Records for processing
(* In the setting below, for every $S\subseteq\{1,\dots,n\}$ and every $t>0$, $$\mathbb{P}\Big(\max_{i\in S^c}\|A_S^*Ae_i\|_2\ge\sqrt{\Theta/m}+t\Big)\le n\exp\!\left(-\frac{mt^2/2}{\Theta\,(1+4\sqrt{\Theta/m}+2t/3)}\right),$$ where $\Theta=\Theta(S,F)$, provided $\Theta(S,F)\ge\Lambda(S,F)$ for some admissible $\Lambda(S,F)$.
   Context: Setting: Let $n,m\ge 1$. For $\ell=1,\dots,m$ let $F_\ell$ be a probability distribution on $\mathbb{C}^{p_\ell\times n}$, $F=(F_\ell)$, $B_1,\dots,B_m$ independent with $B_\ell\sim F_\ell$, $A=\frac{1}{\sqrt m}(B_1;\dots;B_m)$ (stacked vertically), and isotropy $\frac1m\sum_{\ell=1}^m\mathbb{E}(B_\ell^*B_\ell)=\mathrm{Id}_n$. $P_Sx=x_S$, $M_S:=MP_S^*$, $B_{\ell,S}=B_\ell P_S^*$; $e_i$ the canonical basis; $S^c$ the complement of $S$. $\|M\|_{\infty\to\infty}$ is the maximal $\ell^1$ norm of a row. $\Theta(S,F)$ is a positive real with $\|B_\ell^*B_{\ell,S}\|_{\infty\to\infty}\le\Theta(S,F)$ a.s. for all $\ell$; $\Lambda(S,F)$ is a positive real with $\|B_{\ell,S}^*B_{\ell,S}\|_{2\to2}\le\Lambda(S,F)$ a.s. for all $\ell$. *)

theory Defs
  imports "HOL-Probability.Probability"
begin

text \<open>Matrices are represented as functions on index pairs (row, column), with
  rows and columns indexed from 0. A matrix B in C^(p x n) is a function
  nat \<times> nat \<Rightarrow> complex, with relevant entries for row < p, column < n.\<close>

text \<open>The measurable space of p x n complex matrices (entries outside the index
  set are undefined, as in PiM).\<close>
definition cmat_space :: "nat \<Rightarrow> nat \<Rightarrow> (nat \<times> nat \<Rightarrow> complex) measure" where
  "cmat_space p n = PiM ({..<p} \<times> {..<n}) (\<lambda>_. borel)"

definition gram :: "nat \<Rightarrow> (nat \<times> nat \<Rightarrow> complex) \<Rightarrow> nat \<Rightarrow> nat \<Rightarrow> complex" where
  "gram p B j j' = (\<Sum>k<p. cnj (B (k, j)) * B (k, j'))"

* * *

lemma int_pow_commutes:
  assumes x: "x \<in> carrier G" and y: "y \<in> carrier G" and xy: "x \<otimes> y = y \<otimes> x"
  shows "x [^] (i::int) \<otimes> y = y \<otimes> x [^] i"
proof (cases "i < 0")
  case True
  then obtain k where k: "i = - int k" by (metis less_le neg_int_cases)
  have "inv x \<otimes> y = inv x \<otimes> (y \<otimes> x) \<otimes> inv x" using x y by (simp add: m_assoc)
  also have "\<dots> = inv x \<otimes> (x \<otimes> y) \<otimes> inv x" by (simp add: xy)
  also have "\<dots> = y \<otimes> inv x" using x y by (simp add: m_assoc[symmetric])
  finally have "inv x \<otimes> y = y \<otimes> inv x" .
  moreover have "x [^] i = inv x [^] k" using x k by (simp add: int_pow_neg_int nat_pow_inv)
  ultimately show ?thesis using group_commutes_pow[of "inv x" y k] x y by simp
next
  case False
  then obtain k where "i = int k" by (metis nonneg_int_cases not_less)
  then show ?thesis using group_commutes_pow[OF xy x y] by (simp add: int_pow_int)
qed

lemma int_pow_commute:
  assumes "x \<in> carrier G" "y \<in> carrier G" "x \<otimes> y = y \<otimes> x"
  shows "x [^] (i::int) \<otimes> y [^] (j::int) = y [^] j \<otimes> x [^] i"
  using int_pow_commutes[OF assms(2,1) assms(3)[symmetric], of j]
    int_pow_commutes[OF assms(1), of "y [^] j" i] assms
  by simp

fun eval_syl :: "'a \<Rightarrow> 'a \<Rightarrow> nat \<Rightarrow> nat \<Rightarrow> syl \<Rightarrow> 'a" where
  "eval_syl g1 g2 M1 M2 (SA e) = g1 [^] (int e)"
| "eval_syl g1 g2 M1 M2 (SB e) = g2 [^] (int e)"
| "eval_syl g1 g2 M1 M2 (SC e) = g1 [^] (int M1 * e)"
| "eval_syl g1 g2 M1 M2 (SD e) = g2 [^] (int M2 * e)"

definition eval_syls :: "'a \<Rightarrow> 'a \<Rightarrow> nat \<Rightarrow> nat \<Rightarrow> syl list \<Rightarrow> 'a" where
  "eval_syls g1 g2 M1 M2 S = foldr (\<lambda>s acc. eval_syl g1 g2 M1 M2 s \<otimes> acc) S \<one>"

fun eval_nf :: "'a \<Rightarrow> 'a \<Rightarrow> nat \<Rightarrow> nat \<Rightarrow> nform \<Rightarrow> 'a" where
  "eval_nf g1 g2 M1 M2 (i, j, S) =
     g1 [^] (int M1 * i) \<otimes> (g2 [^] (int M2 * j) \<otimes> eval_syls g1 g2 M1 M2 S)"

Exercise requirements
Would you print exactly, and only, the lines of the data above from the line with "theory Defs" through the line with "j' = (\<Sum>k<p.", inclusive?

Answer to this task
theory Defs
  imports "HOL-Probability.Probability"
begin

text \<open>Matrices are represented as functions on index pairs (row, column), with
  rows and columns indexed from 0. A matrix B in C^(p x n) is a function
  nat \<times> nat \<Rightarrow> complex, with relevant entries for row < p, column < n.\<close>

text \<open>The measurable space of p x n complex matrices (entries outside the index
  set are undefined, as in PiM).\<close>
definition cmat_space :: "nat \<Rightarrow> nat \<Rightarrow> (nat \<times> nat \<Rightarrow> complex) measure" where
  "cmat_space p n = PiM ({..<p} \<times> {..<n}) (\<lambda>_. borel)"

definition gram :: "nat \<Rightarrow> (nat \<times> nat \<Rightarrow> complex) \<Rightarrow> nat \<Rightarrow> nat \<Rightarrow> complex" where
  "gram p B j j' = (\<Sum>k<p. cnj (B (k, j)) * B (k, j'))"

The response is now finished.